→ **RECORDS FOR THE EXERCISE**
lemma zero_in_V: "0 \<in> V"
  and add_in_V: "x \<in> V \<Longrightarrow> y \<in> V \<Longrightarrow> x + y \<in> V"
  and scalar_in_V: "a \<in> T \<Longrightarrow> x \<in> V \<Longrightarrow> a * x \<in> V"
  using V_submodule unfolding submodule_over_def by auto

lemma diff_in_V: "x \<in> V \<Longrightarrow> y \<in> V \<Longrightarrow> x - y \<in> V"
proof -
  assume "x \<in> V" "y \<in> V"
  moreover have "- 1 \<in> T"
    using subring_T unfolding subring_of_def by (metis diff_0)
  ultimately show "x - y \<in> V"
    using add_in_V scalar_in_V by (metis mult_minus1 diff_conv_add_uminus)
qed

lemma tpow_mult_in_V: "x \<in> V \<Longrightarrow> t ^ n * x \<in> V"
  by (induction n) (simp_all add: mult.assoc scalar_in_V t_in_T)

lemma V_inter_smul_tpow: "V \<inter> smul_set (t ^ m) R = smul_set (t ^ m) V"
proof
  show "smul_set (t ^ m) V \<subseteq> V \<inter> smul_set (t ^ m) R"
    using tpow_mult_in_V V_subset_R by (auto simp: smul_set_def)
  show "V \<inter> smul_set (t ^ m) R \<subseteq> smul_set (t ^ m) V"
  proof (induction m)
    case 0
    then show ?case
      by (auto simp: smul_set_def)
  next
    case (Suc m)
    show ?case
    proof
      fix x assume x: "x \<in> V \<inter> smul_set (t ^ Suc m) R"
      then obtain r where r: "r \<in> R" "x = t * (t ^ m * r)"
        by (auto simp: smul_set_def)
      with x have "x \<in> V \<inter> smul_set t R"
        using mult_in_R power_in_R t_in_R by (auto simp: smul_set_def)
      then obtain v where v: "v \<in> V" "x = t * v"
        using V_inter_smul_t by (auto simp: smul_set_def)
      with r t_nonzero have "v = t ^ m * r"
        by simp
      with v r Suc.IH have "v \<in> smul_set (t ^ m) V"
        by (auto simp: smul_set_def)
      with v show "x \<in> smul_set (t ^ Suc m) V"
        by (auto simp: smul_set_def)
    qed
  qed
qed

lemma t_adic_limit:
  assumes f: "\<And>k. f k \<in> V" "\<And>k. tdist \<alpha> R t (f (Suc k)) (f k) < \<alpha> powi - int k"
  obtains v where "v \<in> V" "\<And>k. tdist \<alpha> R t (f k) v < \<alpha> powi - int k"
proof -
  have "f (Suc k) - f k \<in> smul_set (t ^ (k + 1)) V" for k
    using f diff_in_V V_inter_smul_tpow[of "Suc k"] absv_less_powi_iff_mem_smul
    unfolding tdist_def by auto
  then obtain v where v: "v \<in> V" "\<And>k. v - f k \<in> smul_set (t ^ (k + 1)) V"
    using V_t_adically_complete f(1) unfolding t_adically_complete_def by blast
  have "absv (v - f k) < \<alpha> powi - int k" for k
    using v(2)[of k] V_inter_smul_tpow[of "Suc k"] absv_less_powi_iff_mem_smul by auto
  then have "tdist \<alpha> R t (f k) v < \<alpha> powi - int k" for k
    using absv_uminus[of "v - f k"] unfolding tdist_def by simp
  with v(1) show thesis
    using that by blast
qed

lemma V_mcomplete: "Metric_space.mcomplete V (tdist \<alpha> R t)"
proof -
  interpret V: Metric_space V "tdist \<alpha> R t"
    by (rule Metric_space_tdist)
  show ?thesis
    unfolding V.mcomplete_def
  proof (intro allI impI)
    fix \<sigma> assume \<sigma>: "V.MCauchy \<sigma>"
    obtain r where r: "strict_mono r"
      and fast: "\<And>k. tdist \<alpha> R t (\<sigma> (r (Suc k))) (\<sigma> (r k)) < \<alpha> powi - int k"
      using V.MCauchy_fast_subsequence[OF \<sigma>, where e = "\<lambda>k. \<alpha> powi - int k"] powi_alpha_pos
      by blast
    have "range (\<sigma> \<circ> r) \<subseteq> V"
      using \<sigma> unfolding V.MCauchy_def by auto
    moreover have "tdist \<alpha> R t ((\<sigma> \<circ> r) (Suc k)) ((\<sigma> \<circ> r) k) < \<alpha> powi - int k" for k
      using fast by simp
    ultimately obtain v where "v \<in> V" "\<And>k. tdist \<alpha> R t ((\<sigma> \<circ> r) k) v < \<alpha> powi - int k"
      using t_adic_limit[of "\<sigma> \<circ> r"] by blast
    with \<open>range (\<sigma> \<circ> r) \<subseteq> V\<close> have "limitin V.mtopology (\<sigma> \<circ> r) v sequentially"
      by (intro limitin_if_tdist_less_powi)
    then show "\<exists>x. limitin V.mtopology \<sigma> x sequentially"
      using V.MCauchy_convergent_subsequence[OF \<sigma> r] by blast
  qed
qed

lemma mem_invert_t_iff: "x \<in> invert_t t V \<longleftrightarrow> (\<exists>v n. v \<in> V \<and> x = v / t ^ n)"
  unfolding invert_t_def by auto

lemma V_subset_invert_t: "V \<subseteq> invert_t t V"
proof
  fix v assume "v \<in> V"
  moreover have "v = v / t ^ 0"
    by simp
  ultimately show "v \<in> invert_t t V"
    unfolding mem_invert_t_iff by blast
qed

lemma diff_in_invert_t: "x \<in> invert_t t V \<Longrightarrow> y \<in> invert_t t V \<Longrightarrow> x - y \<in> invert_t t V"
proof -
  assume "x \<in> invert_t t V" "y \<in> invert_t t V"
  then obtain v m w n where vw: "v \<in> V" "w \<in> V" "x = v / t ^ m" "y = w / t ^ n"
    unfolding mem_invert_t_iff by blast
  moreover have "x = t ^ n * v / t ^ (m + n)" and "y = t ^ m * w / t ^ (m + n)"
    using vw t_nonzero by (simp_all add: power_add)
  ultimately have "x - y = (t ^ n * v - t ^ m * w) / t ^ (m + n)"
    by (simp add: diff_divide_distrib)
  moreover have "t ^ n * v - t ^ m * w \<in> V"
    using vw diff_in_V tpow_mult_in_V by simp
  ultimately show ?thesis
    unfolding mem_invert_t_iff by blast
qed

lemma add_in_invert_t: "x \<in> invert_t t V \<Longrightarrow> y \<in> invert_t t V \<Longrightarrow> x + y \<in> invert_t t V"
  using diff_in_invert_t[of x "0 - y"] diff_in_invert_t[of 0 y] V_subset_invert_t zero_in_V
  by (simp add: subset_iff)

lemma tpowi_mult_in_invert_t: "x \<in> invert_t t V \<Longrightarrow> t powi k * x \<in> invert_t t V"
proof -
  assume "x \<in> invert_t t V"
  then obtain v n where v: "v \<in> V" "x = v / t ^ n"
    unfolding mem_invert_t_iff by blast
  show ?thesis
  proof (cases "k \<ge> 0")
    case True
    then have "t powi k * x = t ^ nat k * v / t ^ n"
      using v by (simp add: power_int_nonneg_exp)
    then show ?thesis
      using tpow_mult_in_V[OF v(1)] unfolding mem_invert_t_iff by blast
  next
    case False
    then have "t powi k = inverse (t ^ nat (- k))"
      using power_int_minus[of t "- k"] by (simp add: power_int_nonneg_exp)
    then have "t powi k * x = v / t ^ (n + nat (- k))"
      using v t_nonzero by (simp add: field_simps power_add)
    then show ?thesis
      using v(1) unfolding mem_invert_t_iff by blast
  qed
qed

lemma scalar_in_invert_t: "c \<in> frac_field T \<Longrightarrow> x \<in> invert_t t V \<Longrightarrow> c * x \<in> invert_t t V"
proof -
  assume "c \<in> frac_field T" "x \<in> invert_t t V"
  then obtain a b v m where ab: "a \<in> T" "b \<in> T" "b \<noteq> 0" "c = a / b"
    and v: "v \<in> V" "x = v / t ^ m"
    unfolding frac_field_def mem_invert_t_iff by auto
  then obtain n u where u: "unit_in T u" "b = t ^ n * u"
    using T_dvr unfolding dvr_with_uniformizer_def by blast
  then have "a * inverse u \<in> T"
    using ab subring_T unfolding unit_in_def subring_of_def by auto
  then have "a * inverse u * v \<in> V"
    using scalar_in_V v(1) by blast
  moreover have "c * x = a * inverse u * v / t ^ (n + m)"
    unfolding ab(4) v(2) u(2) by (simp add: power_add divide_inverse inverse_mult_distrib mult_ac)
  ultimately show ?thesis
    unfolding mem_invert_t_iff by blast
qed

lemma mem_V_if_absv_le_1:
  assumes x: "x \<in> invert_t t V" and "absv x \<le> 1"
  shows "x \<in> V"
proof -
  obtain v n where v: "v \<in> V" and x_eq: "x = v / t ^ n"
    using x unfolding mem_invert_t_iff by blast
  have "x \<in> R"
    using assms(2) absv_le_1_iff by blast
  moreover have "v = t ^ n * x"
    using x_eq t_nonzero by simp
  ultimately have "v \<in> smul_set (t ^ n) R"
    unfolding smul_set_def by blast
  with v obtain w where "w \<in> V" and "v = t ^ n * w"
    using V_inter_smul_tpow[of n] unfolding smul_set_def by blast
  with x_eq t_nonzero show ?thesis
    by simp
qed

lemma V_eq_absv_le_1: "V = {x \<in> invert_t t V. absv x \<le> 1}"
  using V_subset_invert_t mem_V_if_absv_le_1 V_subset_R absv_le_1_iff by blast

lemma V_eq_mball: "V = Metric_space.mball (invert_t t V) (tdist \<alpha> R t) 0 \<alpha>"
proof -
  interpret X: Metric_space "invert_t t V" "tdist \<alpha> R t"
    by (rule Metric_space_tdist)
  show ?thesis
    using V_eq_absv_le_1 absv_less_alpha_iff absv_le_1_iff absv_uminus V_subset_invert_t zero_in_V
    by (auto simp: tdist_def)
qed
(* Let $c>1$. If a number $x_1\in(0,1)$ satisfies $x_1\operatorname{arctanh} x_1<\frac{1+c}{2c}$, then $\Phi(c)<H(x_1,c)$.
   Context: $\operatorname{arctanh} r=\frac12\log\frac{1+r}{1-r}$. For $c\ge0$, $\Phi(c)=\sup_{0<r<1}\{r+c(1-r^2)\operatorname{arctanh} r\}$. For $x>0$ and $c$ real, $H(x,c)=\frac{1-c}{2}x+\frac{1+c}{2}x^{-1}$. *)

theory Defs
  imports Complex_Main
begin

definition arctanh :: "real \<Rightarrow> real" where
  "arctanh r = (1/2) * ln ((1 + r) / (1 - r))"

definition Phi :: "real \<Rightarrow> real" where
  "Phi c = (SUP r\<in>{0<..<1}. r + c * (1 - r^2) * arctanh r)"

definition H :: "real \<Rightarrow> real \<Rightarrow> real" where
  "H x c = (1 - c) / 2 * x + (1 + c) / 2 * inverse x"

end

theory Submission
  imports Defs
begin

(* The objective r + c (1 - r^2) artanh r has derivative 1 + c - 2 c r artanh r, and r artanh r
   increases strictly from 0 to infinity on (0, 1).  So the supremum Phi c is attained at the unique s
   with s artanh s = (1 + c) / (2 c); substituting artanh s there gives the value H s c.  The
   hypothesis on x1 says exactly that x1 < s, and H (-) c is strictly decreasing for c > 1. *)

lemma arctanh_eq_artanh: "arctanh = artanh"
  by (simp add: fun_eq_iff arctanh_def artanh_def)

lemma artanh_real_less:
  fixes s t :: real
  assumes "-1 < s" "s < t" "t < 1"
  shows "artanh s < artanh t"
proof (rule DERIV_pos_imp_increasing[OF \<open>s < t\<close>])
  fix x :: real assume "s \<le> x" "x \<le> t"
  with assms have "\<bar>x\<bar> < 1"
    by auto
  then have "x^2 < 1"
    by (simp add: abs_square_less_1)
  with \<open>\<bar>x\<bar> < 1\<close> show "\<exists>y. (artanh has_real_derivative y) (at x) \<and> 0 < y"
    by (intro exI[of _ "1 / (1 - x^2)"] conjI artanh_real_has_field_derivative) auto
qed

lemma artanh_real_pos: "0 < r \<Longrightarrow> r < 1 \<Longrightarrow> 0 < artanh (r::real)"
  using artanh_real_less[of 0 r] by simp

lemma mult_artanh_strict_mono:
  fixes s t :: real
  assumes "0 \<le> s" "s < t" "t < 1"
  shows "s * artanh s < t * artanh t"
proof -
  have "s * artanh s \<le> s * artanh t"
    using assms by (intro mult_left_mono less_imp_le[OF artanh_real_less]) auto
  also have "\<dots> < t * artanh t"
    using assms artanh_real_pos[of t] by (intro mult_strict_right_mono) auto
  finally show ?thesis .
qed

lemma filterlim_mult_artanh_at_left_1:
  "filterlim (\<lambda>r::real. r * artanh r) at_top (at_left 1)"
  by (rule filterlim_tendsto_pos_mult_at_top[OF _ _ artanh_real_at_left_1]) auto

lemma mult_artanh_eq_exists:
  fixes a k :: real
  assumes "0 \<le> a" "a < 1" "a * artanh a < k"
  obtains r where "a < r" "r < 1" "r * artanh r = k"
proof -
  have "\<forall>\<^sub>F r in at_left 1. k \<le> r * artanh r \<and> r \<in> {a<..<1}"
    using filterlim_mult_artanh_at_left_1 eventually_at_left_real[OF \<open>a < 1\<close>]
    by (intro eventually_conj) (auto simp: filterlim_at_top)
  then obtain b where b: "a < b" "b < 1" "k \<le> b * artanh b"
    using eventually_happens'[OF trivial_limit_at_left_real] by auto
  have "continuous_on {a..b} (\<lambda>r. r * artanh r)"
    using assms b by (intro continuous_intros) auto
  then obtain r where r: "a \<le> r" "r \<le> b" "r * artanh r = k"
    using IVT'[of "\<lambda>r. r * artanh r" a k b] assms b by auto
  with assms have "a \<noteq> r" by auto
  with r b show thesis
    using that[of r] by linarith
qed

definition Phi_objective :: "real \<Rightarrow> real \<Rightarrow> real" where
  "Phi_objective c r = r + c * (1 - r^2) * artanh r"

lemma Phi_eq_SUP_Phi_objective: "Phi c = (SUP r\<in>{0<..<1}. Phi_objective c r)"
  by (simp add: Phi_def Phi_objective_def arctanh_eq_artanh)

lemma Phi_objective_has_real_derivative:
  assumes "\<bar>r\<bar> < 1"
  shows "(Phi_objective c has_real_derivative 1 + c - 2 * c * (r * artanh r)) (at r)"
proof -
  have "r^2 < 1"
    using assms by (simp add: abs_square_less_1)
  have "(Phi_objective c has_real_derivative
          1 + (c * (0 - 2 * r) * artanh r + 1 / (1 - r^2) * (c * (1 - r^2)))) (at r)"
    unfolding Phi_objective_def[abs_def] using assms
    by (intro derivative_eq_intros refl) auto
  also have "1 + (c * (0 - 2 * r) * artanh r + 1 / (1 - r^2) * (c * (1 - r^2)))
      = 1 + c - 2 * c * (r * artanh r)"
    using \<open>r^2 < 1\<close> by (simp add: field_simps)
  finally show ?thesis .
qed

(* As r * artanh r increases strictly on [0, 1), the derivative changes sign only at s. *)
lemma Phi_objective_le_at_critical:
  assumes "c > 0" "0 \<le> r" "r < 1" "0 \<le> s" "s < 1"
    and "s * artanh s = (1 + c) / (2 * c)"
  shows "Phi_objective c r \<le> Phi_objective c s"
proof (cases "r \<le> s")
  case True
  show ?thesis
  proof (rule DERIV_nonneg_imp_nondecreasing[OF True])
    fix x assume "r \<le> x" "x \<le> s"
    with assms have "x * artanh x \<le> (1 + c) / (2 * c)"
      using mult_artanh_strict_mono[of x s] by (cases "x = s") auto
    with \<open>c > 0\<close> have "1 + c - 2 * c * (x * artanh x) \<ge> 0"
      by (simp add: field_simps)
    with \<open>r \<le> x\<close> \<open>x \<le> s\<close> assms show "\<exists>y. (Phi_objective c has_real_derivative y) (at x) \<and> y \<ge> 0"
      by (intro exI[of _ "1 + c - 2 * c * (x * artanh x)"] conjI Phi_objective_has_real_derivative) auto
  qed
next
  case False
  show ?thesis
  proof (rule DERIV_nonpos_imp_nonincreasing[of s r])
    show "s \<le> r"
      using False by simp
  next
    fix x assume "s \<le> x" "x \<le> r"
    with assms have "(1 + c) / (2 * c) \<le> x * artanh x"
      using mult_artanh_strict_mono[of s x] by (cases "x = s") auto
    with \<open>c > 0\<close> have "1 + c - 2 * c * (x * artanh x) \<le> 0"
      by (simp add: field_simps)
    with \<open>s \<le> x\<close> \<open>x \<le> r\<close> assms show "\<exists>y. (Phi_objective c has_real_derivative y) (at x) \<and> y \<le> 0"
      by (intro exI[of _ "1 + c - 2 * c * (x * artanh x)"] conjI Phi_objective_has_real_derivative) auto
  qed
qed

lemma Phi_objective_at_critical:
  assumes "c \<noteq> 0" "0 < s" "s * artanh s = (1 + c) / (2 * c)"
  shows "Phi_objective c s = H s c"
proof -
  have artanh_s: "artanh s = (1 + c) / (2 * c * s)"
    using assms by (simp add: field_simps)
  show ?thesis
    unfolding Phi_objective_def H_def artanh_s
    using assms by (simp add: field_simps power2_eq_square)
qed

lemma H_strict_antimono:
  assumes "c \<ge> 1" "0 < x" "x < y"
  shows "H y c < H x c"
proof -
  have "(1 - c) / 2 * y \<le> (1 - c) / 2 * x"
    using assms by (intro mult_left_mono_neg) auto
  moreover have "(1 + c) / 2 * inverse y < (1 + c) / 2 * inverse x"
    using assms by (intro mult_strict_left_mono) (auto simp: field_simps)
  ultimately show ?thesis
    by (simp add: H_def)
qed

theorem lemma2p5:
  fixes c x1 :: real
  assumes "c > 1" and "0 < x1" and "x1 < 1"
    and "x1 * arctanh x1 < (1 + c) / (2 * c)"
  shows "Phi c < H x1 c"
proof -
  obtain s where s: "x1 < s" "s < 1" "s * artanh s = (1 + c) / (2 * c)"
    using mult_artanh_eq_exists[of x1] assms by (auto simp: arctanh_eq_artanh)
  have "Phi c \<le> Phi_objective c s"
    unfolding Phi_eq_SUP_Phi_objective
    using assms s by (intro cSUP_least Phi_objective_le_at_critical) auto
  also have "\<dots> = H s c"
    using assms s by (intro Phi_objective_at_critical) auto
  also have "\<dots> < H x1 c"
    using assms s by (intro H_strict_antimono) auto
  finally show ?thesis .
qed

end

→ **DIRECTIONS**
Print exactly the lines above from the one with "then obtain v m" to the one with "using ab subring_T", including both.

→ **RESPONSE AREA**
  then obtain v m w n where vw: "v \<in> V" "w \<in> V" "x = v / t ^ m" "y = w / t ^ n"
    unfolding mem_invert_t_iff by blast
  moreover have "x = t ^ n * v / t ^ (m + n)" and "y = t ^ m * w / t ^ (m + n)"
    using vw t_nonzero by (simp_all add: power_add)
  ultimately have "x - y = (t ^ n * v - t ^ m * w) / t ^ (m + n)"
    by (simp add: diff_divide_distrib)
  moreover have "t ^ n * v - t ^ m * w \<in> V"
    using vw diff_in_V tpow_mult_in_V by simp
  ultimately show ?thesis
    unfolding mem_invert_t_iff by blast
qed

lemma add_in_invert_t: "x \<in> invert_t t V \<Longrightarrow> y \<in> invert_t t V \<Longrightarrow> x + y \<in> invert_t t V"
  using diff_in_invert_t[of x "0 - y"] diff_in_invert_t[of 0 y] V_subset_invert_t zero_in_V
  by (simp add: subset_iff)

lemma tpowi_mult_in_invert_t: "x \<in> invert_t t V \<Longrightarrow> t powi k * x \<in> invert_t t V"
proof -
  assume "x \<in> invert_t t V"
  then obtain v n where v: "v \<in> V" "x = v / t ^ n"
    unfolding mem_invert_t_iff by blast
  show ?thesis
  proof (cases "k \<ge> 0")
    case True
    then have "t powi k * x = t ^ nat k * v / t ^ n"
      using v by (simp add: power_int_nonneg_exp)
    then show ?thesis
      using tpow_mult_in_V[OF v(1)] unfolding mem_invert_t_iff by blast
  next
    case False
    then have "t powi k = inverse (t ^ nat (- k))"
      using power_int_minus[of t "- k"] by (simp add: power_int_nonneg_exp)
    then have "t powi k * x = v / t ^ (n + nat (- k))"
      using v t_nonzero by (simp add: field_simps power_add)
    then show ?thesis
      using v(1) unfolding mem_invert_t_iff by blast
  qed
qed

lemma scalar_in_invert_t: "c \<in> frac_field T \<Longrightarrow> x \<in> invert_t t V \<Longrightarrow> c * x \<in> invert_t t V"
proof -
  assume "c \<in> frac_field T" "x \<in> invert_t t V"
  then obtain a b v m where ab: "a \<in> T" "b \<in> T" "b \<noteq> 0" "c = a / b"
    and v: "v \<in> V" "x = v / t ^ m"
    unfolding frac_field_def mem_invert_t_iff by auto
  then obtain n u where u: "unit_in T u" "b = t ^ n * u"
    using T_dvr unfolding dvr_with_uniformizer_def by blast
  then have "a * inverse u \<in> T"
    using ab subring_T unfolding unit_in_def subring_of_def by auto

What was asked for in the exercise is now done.